A Simple React Frontend on top of a Tornado Backend

Background

  • Introduction:
    • React is a JavaScript library developed by Facebook for building fast and interactive user interfaces (UIs) for web and mobile applications.
    • It follows a component-based architecture, enabling developers to build reusable UI components.
  • React for Frontend Development:
    • Ideal for dynamic and interactive UIs, such as dashboards or real-time data visualizations.
    • Suitable for building Single Page Applications (SPAs), where content updates dynamically without full page reloads.
  • Integration with Backends:
    • Communicates with backends (e.g., Tornado) via APIs like REST or GraphQL.
    • Use libraries like Axios or Fetch for data fetching.

Resources

  • There is a wealth of resources about React!
  • Selected interesting resources for learning/referencing React:
  • There are even more resources for projects, reusable components, etc.
  • Notes on syntax:
    • React is based on JavaScript, so the JavaScript syntax can be used, but it is cumbersome.
    • It is more common to use JSX (JavaScript XML) or TypeScript.

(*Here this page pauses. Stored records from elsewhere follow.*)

(* Let $\{(\mathcal{X}_l,\mathring{\mathcal{X}}_l,p_l)\}_{l\in\mathcal{I}}$ be $B$-$B$-bimodules with specified projections with reduced free product $(\mathcal{X},\mathring{\mathcal{X}},p)$. For $1\le i\le m$ let $A_i\in\mathcal{A}_{k(i)}$ be a Boolean product of elements from $\mathcal{A}_{k(i),\mathcal{F}}\cup\mathcal{A}_{k(i),\mathcal{B}}$, where $k(1)\ne k(2)\ne\cdots\ne k(m)$ (consecutive indices distinct). Then $\mathbb{E}_{\mathcal{L}(\mathcal{X})}(A_1\cdots A_m)=\mathbb{E}_{\mathcal{L}(\mathcal{X})}(A_1)\cdots\mathbb{E}_{\mathcal{L}(\mathcal{X})}(A_m)$.
   Context: $B$ is a unital complex algebra. A $B$-$B$-bimodule with specified projection is a triple $(\mathcal{X},\mathring{\mathcal{X}},p)$ with $\mathcal{X}=B\oplus\mathring{\mathcal{X}}$ a direct sum of $B$-$B$-bimodules and $p(b\oplus\eta)=b$; $\mathcal{L}(\mathcal{X})$ is the algebra of linear operators on $\mathcal{X}$ respecting the bimodule structure and $\mathbb{E}_{\mathcal{L}(\mathcal{X})}(T)=p(T(1_B\oplus0))$. The reduced free product is $\mathcal{X}=B\oplus\mathring{\mathcal{X}}$ with $\mathring{\mathcal{X}}=\bigoplus_{n\ge1}\bigoplus_{i_1\ne\cdots\ne i_n}\mathring{\mathcal{X}}_{i_1}\otimes_B\cdots\otimes_B\mathring{\mathcal{X}}_{i_n}$ (consecutive indices distinct), $p$ the projection onto $B$. For $l\in\mathcal{I}$, $\mathcal{X}(l)=B\oplus\bigoplus_{n\ge1}\bigoplus_{i_1\ne\cdots\ne i_n,\ i_1\ne l}\mathring{\mathcal{X}}_{i_1}\otimes_B\cdots\otimes_B\mathring{\mathcal{X}}_{i_n}$, $V_l:\mathcal{X}\to\mathcal{X}_l\otimes_B\mathcal{X}(l)$ the natural isomorphism, $\lambda_l(a)=V_l^{-1}(a\otimes I)V_l$, $P_l$ the projection onto the summand $B\oplus\mathring{\mathcal{X}}_l$, $\mathcal{A}_{l,\mathcal{F}}=\lambda_l(\mathcal{L}(\mathcal{X}_l))$, $\mathcal{A}_{l,\mathcal{B}}=P_l\lambda_l(\mathcal{L}(\mathcal{X}_l))P_l$, $\mathcal{A}_l$ the algebra generated by both. A product $a_1\cdots a_r$ with all $a_t\in\mathcal{A}_{l,\mathcal{F}}\cup\mathcal{A}_{l,\mathcal{B}}$ is a Boolean product if some factor $a_t$ lies in $\mathcal{A}_{l,\mathcal{B}}$. *)

theory Defs
  imports Complex_Main "HOL-Library.Poly_Mapping" "HOL-Library.Product_Plus"
begin

definition complex_algebra :: "(complex \<Rightarrow> 'b::ring_1) \<Rightarrow> bool" where
  "complex_algebra \<iota> \<longleftrightarrow>
     \<iota> 1 = 1 \<and> (\<forall>c d. \<iota> (c + d) = \<iota> c + \<iota> d) \<and> (\<forall>c d. \<iota> (c * d) = \<iota> c * \<iota> d)
     \<and> (\<forall>c b. \<iota> c * b = b * \<iota> c)"

record ('b, 'v) bimod =
  bm_carrier :: "'v set"
  bm_zero :: 'v
  bm_add :: "'v \<Rightarrow> 'v \<Rightarrow> 'v"
  bm_lmul :: "'b \<Rightarrow> 'v \<Rightarrow> 'v"
  bm_rmul :: "'v \<Rightarrow> 'b \<Rightarrow> 'v"

text \<open>A B-B-bimodule (over the complex algebra B; complex scalars act through \<iota>,
  and the left and right complex actions agree).\<close>

definition bimodule :: "(complex \<Rightarrow> 'b::ring_1) \<Rightarrow> ('b, 'v, 'z) bimod_scheme \<Rightarrow> bool" where
  "bimodule \<iota> M \<longleftrightarrow>
    (let C = bm_carrier M; z = bm_zero M; ad = bm_add M; lm = bm_lmul M; rm = bm_rmul M in
     z \<in> C \<and> (\<forall>x\<in>C. \<forall>y\<in>C. ad x y \<in> C)
     \<and> (\<forall>x\<in>C. \<forall>y\<in>C. \<forall>w\<in>C. ad (ad x y) w = ad x (ad y w))
     \<and> (\<forall>x\<in>C. \<forall>y\<in>C. ad x y = ad y x)
     \<and> (\<forall>x\<in>C. ad z x = x)
     \<and> (\<forall>x\<in>C. \<exists>y\<in>C. ad x y = z)
     \<and> (\<forall>b. \<forall>x\<in>C. lm b x \<in> C \<and> rm x b \<in> C)
     \<and> (\<forall>x\<in>C. lm 1 x = x \<and> rm x 1 = x)
     \<and> (\<forall>b b'. \<forall>x\<in>C. lm (b * b') x = lm b (lm b' x))
     \<and> (\<forall>b b'. \<forall>x\<in>C. rm x (b * b') = rm (rm x b) b')
     \<and> (\<forall>b b'. \<forall>x\<in>C. lm b (rm x b') = rm (lm b x) b')
     \<and> (\<forall>b. \<forall>x\<in>C. \<forall>y\<in>C. lm b (ad x y) = ad (lm b x) (lm b y))
     \<and> (\<forall>b. \<forall>x\<in>C. \<forall>y\<in>C. rm (ad x y) b = ad (rm x b) (rm y b))
     \<and> (\<forall>b b'. \<forall>x\<in>C. lm (b + b') x = ad (lm b x) (lm b' x))
     \<and> (\<forall>b b'. \<forall>x\<in>C. rm x (b + b') = ad (rm x b) (rm x b'))
     \<and> (\<forall>c. \<forall>x\<in>C. lm (\<iota> c) x = rm x (\<iota> c)))"

text \<open>Linear operators respecting the bimodule structure (complex linearity follows
  from additivity and B-linearity, since complex scalars act through B).\<close>

definition bimod_map :: "('b::ring_1, 'v, 'z) bimod_scheme \<Rightarrow> ('b, 'w, 'y) bimod_scheme \<Rightarrow> ('v \<Rightarrow> 'w) \<Rightarrow> bool" where
  "bimod_map M N T \<longleftrightarrow>
     (\<forall>x\<in>bm_carrier M. T x \<in> bm_carrier N)
     \<and> (\<forall>x\<in>bm_carrier M. \<forall>y\<in>bm_carrier M. T (bm_add M x y) = bm_add N (T x) (T y))
     \<and> (\<forall>b. \<forall>x\<in>bm_carrier M. T (bm_lmul M b x) = bm_lmul N b (T x))
     \<and> (\<forall>b. \<forall>x\<in>bm_carrier M. T (bm_rmul M x b) = bm_rmul N (T x) b)"

text \<open>The bimodule with specified projection X = B \<oplus> Xo, elements being pairs (b, \<eta>).\<close>

definition plusB :: "('b::ring_1, 'v, 'z) bimod_scheme \<Rightarrow> ('b, 'b \<times> 'v) bimod" where
  "plusB M = \<lparr> bm_carrier = UNIV \<times> bm_carrier M,
               bm_zero = (0, bm_zero M),
               bm_add = (\<lambda>(b, x) (b', x'). (b + b', bm_add M x x')),
               bm_lmul = (\<lambda>c (b, x). (c * b, bm_lmul M c x)),
               bm_rmul = (\<lambda>(b, x) c. (b * c, bm_rmul M x c)) \<rparr>"

definition Lops :: "('b::ring_1, 'v, 'z) bimod_scheme \<Rightarrow> ('b \<times> 'v \<Rightarrow> 'b \<times> 'v) set" where
  "Lops M = {a. bimod_map (plusB M) (plusB M) a}"

text \<open>Words (i_1,\<xi>_1)\<dots>(i_n,\<xi>_n), n \<ge> 1, consecutive indices distinct, \<xi>_j \<in> Xo_{i_j};
  the word stands for the elementary tensor \<xi>_1 \<otimes>_B \<dots> \<otimes>_B \<xi>_n.\<close>

definition fp_words :: "('i \<Rightarrow> ('b, 'v, 'z) bimod_scheme) \<Rightarrow> 'i set \<Rightarrow> ('i \<times> 'v) list set" where
  "fp_words Xo I = {w. w \<noteq> [] \<and> (\<forall>(i, x)\<in>set w. i \<in> I \<and> x \<in> bm_carrier (Xo i))
                       \<and> (\<forall>j. Suc j < length w \<longrightarrow> fst (w ! j) \<noteq> fst (w ! Suc j))}"

text \<open>Generators of the relations defining the algebraic tensor products over B
  (additivity in each slot and B-balancedness between adjacent slots).\<close>

definition fp_gens :: "('i \<Rightarrow> ('b::ring_1, 'v, 'z) bimod_scheme) \<Rightarrow> 'i set \<Rightarrow> (('i \<times> 'v) list \<Rightarrow>\<^sub>0 int) set" where
  "fp_gens Xo I =
     {frag_of (u @ [(i, bm_add (Xo i) x y)] @ v) - frag_of (u @ [(i, x)] @ v) - frag_of (u @ [(i, y)] @ v)
        | u v i x y. u @ [(i, x)] @ v \<in> fp_words Xo I \<and> y \<in> bm_carrier (Xo i)}
   \<union> {frag_of (u @ [(i, bm_rmul (Xo i) x b), (j, y)] @ v) - frag_of (u @ [(i, x), (j, bm_lmul (Xo j) b y)] @ v)
        | u v i x j y b. u @ [(i, x), (j, y)] @ v \<in> fp_words Xo I}"

inductive_set fp_rel :: "('i \<Rightarrow> ('b::ring_1, 'v, 'z) bimod_scheme) \<Rightarrow> 'i set \<Rightarrow> (('i \<times> 'v) list \<Rightarrow>\<^sub>0 int) set"
  for Xo I where
  zero: "0 \<in> fp_rel Xo I"
| gen: "g \<in> fp_gens Xo I \<Longrightarrow> g \<in> fp_rel Xo I"
| add: "g \<in> fp_rel Xo I \<Longrightarrow> h \<in> fp_rel Xo I \<Longrightarrow> g + h \<in> fp_rel Xo I"
| neg: "g \<in> fp_rel Xo I \<Longrightarrow> - g \<in> fp_rel Xo I"

text \<open>Representatives of elements of X = B \<oplus> Xo: a B-component and an integer
  combination of words; an element of X is the class of a representative modulo
  {0} \<times> fp_rel.\<close>

type_synonym ('b, 'i, 'v) fp_rep = "'b \<times> (('i \<times> 'v) list \<Rightarrow>\<^sub>0 int)"
type_synonym ('b, 'i, 'v) fp_elem = "('b, 'i, 'v) fp_rep set"

definition fp_cls :: "('i \<Rightarrow> ('b::ring_1, 'v, 'z) bimod_scheme) \<Rightarrow> 'i set \<Rightarrow> ('b, 'i, 'v) fp_rep \<Rightarrow> ('b, 'i, 'v) fp_elem" where
  "fp_cls Xo I r = {r + (0, n) | n. n \<in> fp_rel Xo I}"

definition fp_lift :: "('i \<Rightarrow> ('b::ring_1, 'v, 'z) bimod_scheme) \<Rightarrow> 'i set \<Rightarrow> (('b, 'i, 'v) fp_rep \<Rightarrow> ('b, 'i, 'v) fp_rep) \<Rightarrow> ('b, 'i, 'v) fp_elem \<Rightarrow> ('b, 'i, 'v) fp_elem" where
  "fp_lift Xo I F x = {F r + (0, n) | r n. r \<in> x \<and> n \<in> fp_rel Xo I}"

definition rep_extend :: "('b::ring_1 \<Rightarrow> ('b, 'i, 'v) fp_rep) \<Rightarrow> (('i \<times> 'v) list \<Rightarrow> ('b, 'i, 'v) fp_rep) \<Rightarrow> ('b, 'i, 'v) fp_rep \<Rightarrow> ('b, 'i, 'v) fp_rep" where
  "rep_extend fB fW r =
     fB (fst r) + ((\<Sum>w\<in>Poly_Mapping.keys (snd r). of_int (Poly_Mapping.lookup (snd r) w) * fst (fW w)),
                   frag_extend (\<lambda>w. snd (fW w)) (snd r))"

React App Development Visualization

graph TD
    index.html --> index.js
    index.js --> App.js
    App.js --> ComponentA.js
    App.js --> ComponentB.js
    ComponentA.js --> styles.css
    ComponentB.js --> api.js

    index.html["index.html
Entry point, mounts React app"] index.js["index.js
ReactDOM renders App.js"] App.js["App.js
Root Component"] ComponentA.js["ComponentA.js
A sub-component"] ComponentB.js["ComponentB.js
Another sub-component"] styles.css["styles.css
CSS for ComponentA"] api.js["api.js
Handles API calls"] subgraph "Public Folder" index.html end subgraph "Src Folder" index.js App.js ComponentA.js ComponentB.js styles.css api.js end

Development and Deployment

  1. Development:
    • Set up the project using tools like create-react-app or Vite.
    • Write components using JSX or TypeScript.
    • Test locally with npm start (serves the app on localhost:3000).
  2. Build:
    • Run npm run build to create a production-optimized bundle (static HTML/CSS/JS in build/).
  3. Deployment
    • Serve the production-optimized bunlde e.g. via nginx in
      • /data/www
      • /usr/share/nginx/html

Development with create-react-app

Create React App (CRA):

  • Tool provided by the React team to quickly scaffold a new React project.
  • Includes pre-configured Webpack, Babel, ESLint, and testing setup.
  • Use: npx create-react-app my-app
    • 🙂 Good for beginners, stable, batteries-included.
    • 😐 Slow dev server and build times.
    • 😐 Lacks support for modern tooling (e.g., Vite, ES modules, SSR).

More Modern Alternatives:

  • Vite (recommended)
    • Great DX (developer experience).
    • React template: npm create vite@latest my-app – –template react
  • Next.js
    • Full-stack React framework.
    • Best for production apps with routing, SEO, etc.

Containerization

Development

  • Each component runs in its own Docker container:
    • React frontend with live-reload dev server
    • Tornado backend (Python)
    • PostgreSQL database
  • All services communicate over a shared Docker network
  • The backend connects directly to the database container
  • Hot-reloading enables fast development and testing

Deployment

  • React app is built into static files and served as static files
  • Containers:
    • Tornado backend
    • PostgreSQL database
    • (Optional) Add a reverse proxy:
      • Use Nginx to route requests between users and backend services
      • Improves performance, SSL termination, and routing flexibility

Visualization

graph TD
    subgraph Docker-Compose
        ReactDev["⚛️ React Dev Server (Port 3000)"]
        TornadoDev["🌀 Tornado Backend (Port 8888)"]
        PostgreSQL["🐘 PostgreSQL DB (Port 5432)"]
    end

    User["👤 Developer"] -->|Opens Browser| ReactDev
    ReactDev -->|API calls| TornadoDev
    TornadoDev -->|Queries| PostgreSQL

References

Dory, M., Parrish, A., & Berg, B. (2012). Introduction to tornado: Modern web applications with python. O’Reilly Media.